6. Section 7.2.14 is hereby added to the Credit Agreement as follows:
“7.2.14. Sourcing Commission Payments. Neither the Loan Parties nor any Subsidiary shall make any sourcing commission payments to Excluded Entities in excess of the tax deductions taken for such payments on applicable tax filings.
7. Section 7.3.1 of the Credit Agreement is hereby amended and restated in its entirety as follows:
“7.3.1 Borrowing Base Certificates, Schedules of Accounts Receivable and Inventory. Within twenty (20) calendar days after each calendar month end on which the aggregate amount of all Loans and Letters of Credit outstanding, including accrued interest thereon, is greater than $20,000,000, (a) a Borrowing Base Certificate as of such month end in the form of Exhibit 6.1.1(i) hereto, appropriately completed, executed and delivered by an Authorized Officer; (b) a Schedule of Accounts Receivable and Schedule of Inventory as of such month end; and (c) the Schedule of Payables as of such month end.

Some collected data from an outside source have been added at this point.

lemma exists_orthogonal_unit:
  assumes x: "dot k x x = 1" and k: "k \<ge> 1"
  obtains u where "dot k u u = 1" "dot k x u = 0" "\<forall>m>k. u m = 0"
proof -
  have "\<exists>i\<le>k. x i \<noteq> 0"
  proof (rule ccontr)
    assume "\<not> ?thesis"
    then have "dot k x x = 0" by (simp add: dot_def)
    with x show False by simp
  qed
  then obtain i where i: "i \<le> k" "x i \<noteq> 0" by blast
  define j where "j = (if i = 0 then 1 else (0::nat))"
  have j: "j \<le> k" "j \<noteq> i"
    using k by (auto simp: j_def)
  define w where "w = (\<lambda>m. (if m = i then x j else 0) + (if m = j then - x i else 0))"
  have xw: "dot k x w = 0"
    using i j unfolding w_def by (simp add: dot_delta_right mult.commute)
  have ww: "dot k w w = (x i)\<^sup>2 + (x j)\<^sup>2"
    using i j unfolding w_def by (simp add: dot_delta_left dot_delta_right power2_eq_square)
  show thesis
  proof
    show "dot k (unit_vec k w) (unit_vec k w) = 1"
      using ww i by (intro dot_unit_vec) (simp add: add_pos_nonneg)
    show "dot k x (unit_vec k w) = 0"
      by (simp add: unit_vec_eq_scale xw)
    show "\<forall>m>k. unit_vec k w m = 0"
      using i j by (simp add: unit_vec_def w_def)
  qed
qed

lemma continuous_map_collapse_towards:
  assumes "continuous_map Z euclideanreal f" and "\<And>j. continuous_map Z euclideanreal (\<lambda>z. g z j)"
  shows "continuous_map Z euclideanreal (\<lambda>z. collapse_towards k p (f z) (g z) i)"
  unfolding collapse_towards_def by (intro continuous_intros continuous_map_dot assms)

lemma continuous_map_plane_rotation:
  assumes f: "continuous_map Z euclideanreal f" and g: "\<And>j. continuous_map Z euclideanreal (\<lambda>z. g z j)"
  shows "continuous_map Z euclideanreal (\<lambda>z. plane_rotation k x u (f z) (g z) i)"
proof -
  have "continuous_map Z euclideanreal (\<lambda>z. cos (pi * f z))" "continuous_map Z euclideanreal (\<lambda>z. sin (pi * f z))"
    by (rule continuous_map_real_compose[OF _ continuous_map_real_mult_left[OF f]], intro continuous_intros)+
  then show ?thesis
    unfolding plane_rotation_def by (intro continuous_intros continuous_map_dot g)
qed

lemma continuous_map_fst_real: "continuous_map (prod_topology (top_of_set S) X) euclideanreal fst"
  using continuous_map_fst continuous_map_into_fulltopology by blast

lemma continuous_map_snd_nsphere_coordinate:
  "continuous_map (prod_topology X (nsphere k)) euclideanreal (\<lambda>z. snd z j)"
  using continuous_map_compose[OF continuous_map_snd continuous_map_nsphere_projection] by (simp add: o_def)

lemma continuous_map_nsphere_collapse_towards:
  assumes p: "p \<in> topspace (nsphere k)"
  shows "continuous_map (prod_topology (top_of_set {0..1}) (nsphere k)) (nsphere k)
           (\<lambda>(t, y). unit_vec k (collapse_towards k p t y))"
  unfolding case_prod_beta'
proof (rule continuous_map_unit_vec)
  fix z i assume z: "z \<in> topspace (prod_topology (top_of_set {0..1::real}) (nsphere k))"
  then show "collapse_towards k p (fst z) (snd z) i = 0" if "i > k"
    using p that by (auto simp: collapse_towards_def topspace_nsphere_iff)
  show "dot k (collapse_towards k p (fst z) (snd z)) (collapse_towards k p (fst z) (snd z)) > 0"
    using p z by (intro dot_collapse_towards_pos) (auto simp: topspace_nsphere_iff)
qed (intro continuous_map_collapse_towards continuous_map_fst_real continuous_map_snd_nsphere_coordinate)

lemma continuous_map_nsphere_rotate_collapse_towards:
  assumes p: "p \<in> topspace (nsphere k)" and x: "x \<in> topspace (nsphere k)" and u: "u \<in> topspace (nsphere k)"
    and xu: "dot k x u = 0"
  shows "continuous_map (prod_topology (top_of_set {0..1}) (nsphere k)) (nsphere k)
           (\<lambda>(t, y). unit_vec k (plane_rotation k x u t (collapse_towards k p t y)))"
  unfolding case_prod_beta'
proof (rule continuous_map_unit_vec)
  fix z i assume z: "z \<in> topspace (prod_topology (top_of_set {0..1::real}) (nsphere k))"
  then show "plane_rotation k x u (fst z) (collapse_towards k p (fst z) (snd z)) i = 0" if "i > k"
    using p x u that by (auto simp: plane_rotation_def collapse_towards_def topspace_nsphere_iff)
  have "dot k x x = 1" "dot k u u = 1"
    using x u by (simp_all add: topspace_nsphere_iff)
  then show "dot k (plane_rotation k x u (fst z) (collapse_towards k p (fst z) (snd z)))
                   (plane_rotation k x u (fst z) (collapse_towards k p (fst z) (snd z))) > 0"
    using p z xu by (simp add: dot_plane_rotation) (intro dot_collapse_towards_pos; auto simp: topspace_nsphere_iff)
qed (intro continuous_map_plane_rotation continuous_map_collapse_towards continuous_map_fst_real
       continuous_map_snd_nsphere_coordinate)

text \<open>The homotopy t \<mapsto> (a(t,-), b(t,-)) deforms the diagonal of X into the wedge X \<or> X,
  as in Whitehead's characterisation of Lusternik--Schnirelmann category at most one;
  only a is required to fix the basepoint.\<close>
definition wedge_deformation :: "'x topology \<Rightarrow> 'x \<Rightarrow> (real \<times> 'x \<Rightarrow> 'x) \<Rightarrow> (real \<times> 'x \<Rightarrow> 'x) \<Rightarrow> bool" where
  "wedge_deformation X x0 a b \<longleftrightarrow>
     continuous_map (prod_topology (top_of_set {0..1}) X) X a \<and>
     continuous_map (prod_topology (top_of_set {0..1}) X) X b \<and>
     (\<forall>y\<in>topspace X. a (0, y) = y \<and> b (0, y) = y) \<and>
     (\<forall>t\<in>{0..1}. a (t, x0) = x0) \<and>
     (\<forall>y\<in>topspace X. a (1, y) = x0 \<or> b (1, y) = x0)"

lemma wedge_deformation_funspace:
  assumes "wedge_deformation X x0 a b" "t \<in> {0..1}"
  shows "(\<lambda>y. a (t, y)) \<in> topspace X \<rightarrow> topspace X"
    and "(\<lambda>y. b (t, y)) \<in> topspace X \<rightarrow> topspace X"
  using assms by (auto simp: wedge_deformation_def continuous_map_def Pi_def)

lemma nsphere_wedge_deformation:
  assumes x0: "x0 \<in> topspace (nsphere k)" and k: "k \<ge> 1"
  obtains a b where "wedge_deformation (nsphere k) x0 a b"
proof -
  have x0x0: "dot k x0 x0 = 1"
    using x0 by (simp add: topspace_nsphere_iff)
  obtain u where u: "u \<in> topspace (nsphere k)" and x0u: "dot k x0 u = 0"
    using exists_orthogonal_unit[OF x0x0 k] by (metis topspace_nsphere_iff)
  define x1 where "x1 = (\<lambda>i. - x0 i)"
  have x1: "x1 \<in> topspace (nsphere k)"
    using x0 by (simp add: x1_def topspace_nsphere_iff)
  define a where "a = (\<lambda>(t, y). unit_vec k (collapse_towards k x0 t y))"
  define b where "b = (\<lambda>(t, y). unit_vec k (plane_rotation k x0 u t (collapse_towards k x1 t y)))"
  have "a (1, y) = x0 \<or> b (1, y) = x0" for y
  proof (cases "dot k y x0 \<ge> 0")
    case True
    then show ?thesis
      by (simp add: a_def collapse_towards_1 unit_vec_unit x0x0)
  next
    case False
    then have "collapse_towards k x1 1 y = x1"
      by (intro collapse_towards_1) (simp add: x1_def)
    then show ?thesis
      by (simp add: b_def x1_def plane_rotation_1[OF x0x0 x0u] unit_vec_unit x0x0)
  qed
  moreover have "a (t, x0) = x0" if "t \<in> {0..1}" for t
    using that by (simp add: a_def unit_vec_collapse_towards_self x0x0)
  moreover have "a (0, y) = y" "b (0, y) = y" if "y \<in> topspace (nsphere k)" for y
    using that by (simp_all add: a_def b_def unit_vec_unit topspace_nsphere_iff)
  moreover have "continuous_map (prod_topology (top_of_set {0..1}) (nsphere k)) (nsphere k) a"
    "continuous_map (prod_topology (top_of_set {0..1}) (nsphere k)) (nsphere k) b"
    unfolding a_def b_def
    using x0 x1 u x0u by (auto intro: continuous_map_nsphere_collapse_towards continuous_map_nsphere_rotate_collapse_towards)
  ultimately show thesis
    by (intro that[of a b]) (simp add: wedge_deformation_def)
qed

section \<open>Quotient topologies and labelled configurations\<close>

lemma istopology_quot_top: "istopology (\<lambda>U. U \<subseteq> T \<and> openin X {x \<in> topspace X. q x \<in> U})"
proof -
  have "{x \<in> topspace X. q x \<in> U \<inter> V} = {x \<in> topspace X. q x \<in> U} \<inter> {x \<in> topspace X. q x \<in> V}" for U V
    by auto
  moreover have "{x \<in> topspace X. q x \<in> \<Union>\<U>} = (\<Union>U\<in>\<U>. {x \<in> topspace X. q x \<in> U})" for \<U>
    by auto
  ultimately show ?thesis
    unfolding istopology_def by (auto intro!: openin_Union)
qed

lemma openin_quot_top:
  "openin (quot_top X q T) U \<longleftrightarrow> U \<subseteq> T \<and> openin X {x \<in> topspace X. q x \<in> U}"
  unfolding quot_top_def by (simp add: istopology_quot_top)

lemma topspace_quot_top:
  assumes "q ` topspace X \<subseteq> T" shows "topspace (quot_top X q T) = T"
proof -
  have "{x \<in> topspace X. q x \<in> T} = topspace X"
    using assms by auto
  then have "openin (quot_top X q T) T"
    by (simp add: openin_quot_top)
  then show ?thesis
    using openin_subset openin_quot_top[of X q T "topspace (quot_top X q T)"] by blast
qed

lemma continuous_map_quot_top:
  "q ` topspace X \<subseteq> T \<Longrightarrow> continuous_map X (quot_top X q T) q"
  unfolding continuous_map_def by (auto simp: topspace_quot_top openin_quot_top)

lemma quotient_map_quot_top:
  "q ` topspace X = T \<Longrightarrow> quotient_map X (quot_top X q T) q"
  unfolding quotient_map_def by (auto simp: topspace_quot_top openin_quot_top)

lemma topspace_smash:
  "topspace (smash X x0 Y y0) = smash_class X x0 Y y0 ` topspace (prod_topology X Y) \<union> {wedge_set X x0 Y y0}"
  unfolding smash_def by (rule topspace_quot_top) blast

lemma continuous_map_smash_class:
  "continuous_map (prod_topology X Y) (smash X x0 Y y0) (smash_class X x0 Y y0)"
  unfolding smash_def by (rule continuous_map_quot_top) blast

lemma topspace_lconf_top:
  "f \<in> topspace (lconf_top M X S) \<longleftrightarrow>
     f \<in> (\<Pi>\<^sub>E i\<in>S. topspace M \<times> topspace X) \<and> inj_on (\<lambda>i. fst (f i)) S"
  by (simp add: lconf_top_def)

lemma topspace_Dsp:
  "topspace (Dsp M X x0 Is) =
     lconf_class M X x0 Is ` topspace (lconf_top M X (\<Union>(set Is))) \<union> {lconf_deg M X x0 Is}"
  unfolding Dsp_def by (rule topspace_quot_top) blast

lemma continuous_map_lconf_class:
  "continuous_map (lconf_top M X (\<Union>(set Is))) (Dsp M X x0 Is) (lconf_class M X x0 Is)"
  unfolding Dsp_def by (rule continuous_map_quot_top) blast

lemma lconf_class_deg:
  "f \<in> lconf_deg M X x0 Is \<Longrightarrow> lconf_class M X x0 Is f = lconf_deg M X x0 Is"
  by (simp add: lconf_class_def)

lemma lconf_class_eq_deg_if_label:
  assumes "f \<in> topspace (lconf_top M X (\<Union>(set Is)))" "i \<in> \<Union>(set Is)" "snd (f i) = x0"
  shows "lconf_class M X x0 Is f = lconf_deg M X x0 Is"
  using assms by (intro lconf_class_deg) (auto simp: lconf_deg_def)

lemma lconf_deg_fun_upd:
  assumes "f \<in> topspace (lconf_top M X (\<Union>(set Is)))" "i \<in> \<Union>(set Is)" "x0 \<in> topspace X"
  shows "f(i := (fst (f i), x0)) \<in> lconf_deg M X x0 Is"
  using assms by (auto simp: lconf_deg_def topspace_lconf_top PiE_def Pi_def extensional_def inj_on_def)

lemma lconf_deg_in_image:
  assumes "lconf_deg M X x0 Is \<noteq> {}"
  shows "lconf_deg M X x0 Is \<in> lconf_class M X x0 Is ` topspace (lconf_top M X (\<Union>(set Is)))"
proof -
  obtain f where f: "f \<in> lconf_deg M X x0 Is"
    using assms by blast
  then have "f \<in> topspace (lconf_top M X (\<Union>(set Is)))"
    by (simp add: lconf_deg_def)
  then show ?thesis
    using imageI[of f _ "lconf_class M X x0 Is"] by (simp add: lconf_class_deg[OF f])
qed

lemma topspace_Dsp_deg_nonempty:
  "lconf_deg M X x0 Is \<noteq> {} \<Longrightarrow>
     topspace (Dsp M X x0 Is) = lconf_class M X x0 Is ` topspace (lconf_top M X (\<Union>(set Is)))"
  by (simp add: topspace_Dsp lconf_deg_in_image insert_absorb)

lemma topspace_Dsp_deg_empty:
  assumes "x0 \<in> topspace X" "\<Union>(set Is) \<noteq> {}" "lconf_deg M X x0 Is = {}"
  shows "topspace (Dsp M X x0 Is) = {lconf_deg M X x0 Is}"
proof -
  obtain i where "i \<in> \<Union>(set Is)"
    using assms(2) by blast
  have "f \<notin> topspace (lconf_top M X (\<Union>(set Is)))" for f
    using lconf_deg_fun_upd[of f M X Is i x0] \<open>i \<in> \<Union>(set Is)\<close> assms(1,3) by auto
  then have "topspace (lconf_top M X (\<Union>(set Is))) = {}"
    by blast
  then show ?thesis
    by (simp add: topspace_Dsp)
qed

lemma quotient_map_lconf_class:
  "lconf_deg M X x0 Is \<noteq> {} \<Longrightarrow>
     quotient_map (lconf_top M X (\<Union>(set Is))) (Dsp M X x0 Is) (lconf_class M X x0 Is)"
  unfolding Dsp_def by (intro quotient_map_quot_top) (simp add: lconf_deg_in_image insert_absorb)

definition colour_permutation :: "'i set list \<Rightarrow> ('i \<Rightarrow> 'i) \<Rightarrow> bool" where
  "colour_permutation Is \<sigma> \<longleftrightarrow> \<sigma> permutes \<Union>(set Is) \<and> (\<forall>I\<in>set Is. \<sigma> ` I = I)"

lemma colour_permutation_compose:
  "colour_permutation Is \<sigma> \<Longrightarrow> colour_permutation Is \<tau> \<Longrightarrow> colour_permutation Is (\<sigma> \<circ> \<tau>)"
  unfolding colour_permutation_def by (metis image_comp permutes_compose)

lemma colour_permutation_inv:
  assumes "colour_permutation Is \<sigma>" shows "colour_permutation Is (inv \<sigma>)"
proof -
  have "inj \<sigma>"
    using assms permutes_inj by (auto simp: colour_permutation_def)
  then show ?thesis
    using assms by (metis colour_permutation_def image_inv_f_f permutes_inv)
qed

lemma lconf_class_eq_orbit:
  "f \<notin> lconf_deg M X x0 Is \<Longrightarrow>
     lconf_class M X x0 Is f = {f \<circ> \<sigma> |\<sigma>. colour_permutation Is \<sigma>}"
  by (simp add: lconf_class_def colour_permutation_def)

8. The Loan Parties and the Lenders hereby ratify and confirm their respective obligations under the Credit Agreement, as amended by this Amendment, and agree that the Credit Agreement hereby remains in full force and effect after giving effect to the effectiveness of this Amendment and that, upon such effectiveness, all references in the Loan Documents to the “Credit Agreement” shall be references to the Credit Agreement as amended by this Amendment.
9. Except as specifically set forth above, this Amendment shall not be deemed to amend or alter in any respect the terms and conditions of the Credit Agreement.
10. This Amendment may be executed in counterparts, each of which shall constitute an original, but all of which when taken together shall constitute a single contract.
11. This Amendment shall be construed in accordance with and governed by the laws of the Commonwealth of Pennsylvania without regard to its conflict of laws principles.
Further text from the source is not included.